# Does That Make Me Crazy? [video]



## PeggyK (Apr 16, 2005)

Thanks, Joe. Isn't it just like a child to make their mother NUTS??!!??


----------



## Joe (Apr 9, 2005)

I think Lila is driving Kia nuts sometimes,... that is for sure... especially in this video... she was constantly trying to get Kia's attention


----------



## Molly's Mom (Jan 1, 2007)

How fun, I love watching dogs romping in the snow.


----------



## LaurJen (Aug 10, 2006)

That's a great video! They're having so much fun! We hope to get Augie a playmate one day too 

I've been sitting here trying to make a video of Augie playing in the snow. I got Adobe Premiere Elements video editing software for my birthday. I'm ready to tear my hair out


----------



## Joe (Apr 9, 2005)

Btw. those credits at the end were put there just for fun of course...
We had a blast making this video with Vierka


----------



## Gldiebr (Oct 10, 2006)

What a great video! Those two had a blast... bet they had a great nap later! Thank you for sharing.


----------



## Katiesmommy (Sep 10, 2006)

Its always nice to see them playing. Thanks very cute. Lots of room to run and play.


----------



## Dog (Sep 26, 2006)

I love it, love it and love it!!!! And sorry have to say my favourite is the light skin one (our Amber is the same colour - not being prejudice!)

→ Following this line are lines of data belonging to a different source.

(* Let $n=p$, $X=I_n$, and let $\lambda=\lambda_n>0$ satisfy $\sqrt n/\lambda_n\to\infty$. Then there exists $\delta>0$ such that, as $n\to\infty$, \[ \mathbb E_{\beta^0=0}\,\Pi^{\mathrm{LASSO}}_{\lambda_n}\Big(\beta:\|\beta\|_2\le\delta\sqrt n\Big(\frac1{\lambda_n}\wedge1\Big)\ \Big|\ Y\Big)\to0. \]
   Context: Sequence model: $Y=\beta+\varepsilon$ with $\beta\in\mathbb R^n$ and $\varepsilon\sim N_n(0,I_n)$; $\mathbb E_{\beta^0=0}$ denotes expectation when $Y\sim N_n(0,I_n)$. $\Pi^{\mathrm{LASSO}}_\lambda(\cdot\mid Y)$ is the posterior distribution for the prior under which $\beta_1,\dots,\beta_n$ are i.i.d. with Laplace density $x\mapsto\frac\lambda2e^{-\lambda|x|}$, i.e. $\Pi^{\mathrm{LASSO}}_\lambda(B\mid Y)\propto\int_Be^{-\|Y-\beta\|_2^2/2-\lambda\|\beta\|_1}d\beta$ (whose mode is the LASSO estimator). *)

theory Defs
  imports "HOL-Probability.Probability"
begin

text \<open>Lebesgue measure on R^n, with vectors represented as functions nat => real
  on the index set {..<n} (extensional functions, product measure).\<close>
abbreviation lebesgue_n :: "nat \<Rightarrow> (nat \<Rightarrow> real) measure" where
  "lebesgue_n n \<equiv> PiM {..<n} (\<lambda>_. lborel)"

abbreviation std_gauss_n :: "nat \<Rightarrow> (nat \<Rightarrow> real) measure" where
  "std_gauss_n n \<equiv> PiM {..<n} (\<lambda>_. density lborel std_normal_density)"

definition lasso_weight :: "nat \<Rightarrow> real \<Rightarrow> (nat \<Rightarrow> real) \<Rightarrow> (nat \<Rightarrow> real) \<Rightarrow> real" where
  "lasso_weight n lam Y b =
     exp (- (\<Sum>i<n. (Y i - b i)^2) / 2 - lam * (\<Sum>i<n. \<bar>b i\<bar>))"

text \<open>Posterior probability of a set B under the Laplace(lam) prior.\<close>
definition lasso_post :: "nat \<Rightarrow> real \<Rightarrow> (nat \<Rightarrow> real) \<Rightarrow> (nat \<Rightarrow> real) set \<Rightarrow> real" where
  "lasso_post n lam Y B =
     (LINT b:B | lebesgue_n n. lasso_weight n lam Y b) /
     (LINT b | lebesgue_n n. lasso_weight n lam Y b)"

end

theory Submission
  imports Defs
begin
(* For every triple of integers $0\le i<j<k$, the following seven elements of $\mathcal S$ belong to $\mathcal I$ (writing $\pi_{(a|b)}$ for hooks and $\pi_{(a_1,a_2|b_1,b_2)}$, $\pi_{(a_1,a_2,a_3|b_1,b_2,b_3)}$ for partitions of Frobenius rank 2, 3, and $\pi_{(\emptyset|\emptyset)}=\pi_\emptyset$): $\kappa_1=\pi_{\emptyset}(\pi_{(i|i)}\pi_{(k,j|k,j)}+\pi_{(j|k)}\pi_{(k,i|j,i)})-\pi_{(i|i)}\pi_{(j|j)}\pi_{(k|k)}+\pi_{(i|j)}\pi_{(j|k)}\pi_{(k|i)}$; $\kappa_2=\pi_{\emptyset}(\pi_{(j|j)}\pi_{(k,i|k,i)}-\pi_{(k|i)}\pi_{(j,i|k,j)})-\pi_{(i|i)}\pi_{(j|j)}\pi_{(k|k)}+\pi_{(i|j)}\pi_{(j|k)}\pi_{(k|i)}$; $\kappa_3=\pi_{\emptyset}(\pi_{(k|k)}\pi_{(j,i|j,i)}+\pi_{(i|j)}\pi_{(k,j|k,i)})-\pi_{(i|i)}\pi_{(j|j)}\pi_{(k|k)}+\pi_{(i|j)}\pi_{(j|k)}\pi_{(k|i)}$; $\kappa_1^T=\pi_{\emptyset}(\pi_{(i|i)}\pi_{(k,j|k,j)}+\pi_{(k|j)}\pi_{(j,i|k,i)})-\pi_{(i|i)}\pi_{(j|j)}\pi_{(k|k)}+\pi_{(j|i)}\pi_{(k|j)}\pi_{(i|k)}$; $\kappa_2^T=\pi_{\emptyset}(\pi_{(j|j)}\pi_{(k,i|k,i)}-\pi_{(i|k)}\pi_{(k,j|j,i)})-\pi_{(i|i)}\pi_{(j|j)}\pi_{(k|k)}+\pi_{(j|i)}\pi_{(k|j)}\pi_{(i|k)}$; $\kappa_3^T=\pi_{\emptyset}(\pi_{(k|k)}\pi_{(j,i|j,i)}+\pi_{(j|i)}\pi_{(k,i|k,j)})-\pi_{(i|i)}\pi_{(j|j)}\pi_{(k|k)}+\pi_{(j|i)}\pi_{(k|j)}\pi_{(i|k)}$; and, with $X:=\pi_{(i|j)}\pi_{(j|k)}\pi_{(k|i)}$, $\kappa_0=\pi_{\emptyset}^2\pi_{(k,j,i|k,j,i)}X-X^2+X\big(2\pi_{(i|i)}\pi_{(j|j)}\pi_{(k|k)}-\pi_{\emptyset}(\pi_{(i|i)}\pi_{(k,j|k,j)}+\pi_{(j|j)}\pi_{(k,i|k,i)}+\pi_{(k|k)}\pi_{(j,i|j,i)})\big)-(\pi_{(i|i)}\pi_{(j|j)}-\pi_{\emptyset}\pi_{(j,i|j,i)})(\pi_{(i|i)}\pi_{(k|k)}-\pi_{\emptyset}\pi_{(k,i|k,i)})(\pi_{(j|j)}\pi_{(k|k)}-\pi_{\emptyset}\pi_{(k,j|k,j)})$.
   Context: Partitions and Frobenius notation: a partition $\lambda$ of Frobenius rank $r$ is written $\lambda=(a_1,\dots,a_r\mid b_1,\dots,b_r)$ with $a_1>\dots>a_r\ge 0$, $b_1>\dots>b_r\ge 0$, $a_i=\lambda_i-i$, $b_i=\lambda'_i-i$ ($\lambda'$ the conjugate partition); $\emptyset$ denotes the empty partition (rank $0$). Let $\mathcal S=\mathbb C[\pi_\lambda]$ be the polynomial ring in countably many indeterminates $\pi_\lambda$ indexed by all partitions $\lambda$. Plücker relations: for integers $0<k<N$ and a $k$-tuple $L=(L_1,\dots,L_k)$ of integers in $\{-k,\dots,N-k-1\}$ set $\tilde\pi_L:=\mathrm{sgn}(L)\,\pi_{\lambda(L)}$, where $\mathrm{sgn}(L)$ is the sign of the permutation sorting $L$ into increasing order ($\mathrm{sgn}(L):=0$ if $L$ has a repeated entry) and, if $L'_1<\dots<L'_k$ is the increasing rearrangement of $L$, $\lambda(L)$ is the partition with parts $\lambda_i=L'_{k-i+1}+i$, $i=1,\dots,k$. For a $(k-1)$-tuple $I$ and a $(k+1)$-tuple $J$ with entries in $\{-k,\dots,N-k-1\}$ the Plücker quadratic form is $p_{I,J}:=\sum_{j=1}^{k+1}(-1)^j\tilde\pi_{I_1,\dots,I_{k-1},J_j}\,\tilde\pi_{J_1,\dots,\widehat{J_j},\dots,J_{k+1}}\in\mathcal S$ (hat = omission). $\mathcal I\subset\mathcal S$ is the ideal generated by all $p_{I,J}$ for all $0<k<N$ and all such $I,J$. *)

theory Defs
  imports Complex_Main "HOL-Library.Poly_Mapping"
begin

(* Partitions: nonincreasing lists of positive integers; lambda_i = xs ! (i-1). *)
typedef partition = "{xs :: nat list. sorted_wrt (\<ge>) xs \<and> (\<forall>x\<in>set xs. 0 < x)}"
  by (rule exI[of _ "[]"]) simp

definition conj_list :: "nat list \<Rightarrow> nat list" where
  "conj_list xs = (if xs = [] then [] else
     map (\<lambda>j. length (filter (\<lambda>p. j \<le> p) xs)) [1..<hd xs + 1])"

definition frob_rank :: "nat list \<Rightarrow> nat" where
  "frob_rank xs = length (filter (\<lambda>i. i + 1 \<le> xs ! i) [0..<length xs])"

definition frob_a :: "nat list \<Rightarrow> nat list" where
  "frob_a xs = map (\<lambda>i. xs ! i - (i + 1)) [0..<frob_rank xs]"

definition frob_b :: "nat list \<Rightarrow> nat list" where
  "frob_b xs = map (\<lambda>i. conj_list xs ! i - (i + 1)) [0..<frob_rank xs]"

definition frob :: "nat list \<Rightarrow> nat list \<Rightarrow> partition" where
  "frob a b = (THE p. frob_a (Rep_partition p) = a \<and> frob_b (Rep_partition p) = b)"

type_synonym S = "(partition \<Rightarrow>\<^sub>0 nat) \<Rightarrow>\<^sub>0 complex"

definition pvar :: "partition \<Rightarrow> S" where
  "pvar p = Poly_Mapping.single (Poly_Mapping.single p 1) 1"

definition sgn_tuple :: "int list \<Rightarrow> int" where
  "sgn_tuple L = (if distinct L then
      (-1) ^ card {(a, b). a < b \<and> b < length L \<and> L ! b < L ! a} else 0)"

definition lam_tuple :: "int list \<Rightarrow> partition" where
  "lam_tuple L = Abs_partition (filter (\<lambda>x. 0 < x)
     (map (\<lambda>i. nat (sort L ! (length L - i) + int i)) [1..<length L + 1]))"

definition tpi :: "int list \<Rightarrow> S" where
  "tpi L = of_int (sgn_tuple L) * pvar (lam_tuple L)"

definition pluecker :: "int list \<Rightarrow> int list \<Rightarrow> S" where
  "pluecker I J = (\<Sum>j = 1..length J.
      (-1) ^ j * tpi (I @ [J ! (j - 1)]) * tpi (take (j - 1) J @ drop j J))"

But how do you compile this wonderful backtrack music though? Is this an option after or within YOUTUBE?


----------



## RickGibbs (Dec 16, 2005)

Shirley said:


> But how do you compile this wonderful backtrack music though? Is this an option after or within YOUTUBE?


Nope...you gotta add your own music when you edit your movie. If you use Windows Movie Maker, it'll let you add music....


----------



## Carsonsdaddy (Nov 1, 2006)

Great video. I'm always amazed at the difference in color between those two, even though they're mother/daughter....


----------



## Brandy's Mom (Oct 5, 2005)

I love this video! I particularly like the nipping to keep the play going. They look like they're having a blast.


----------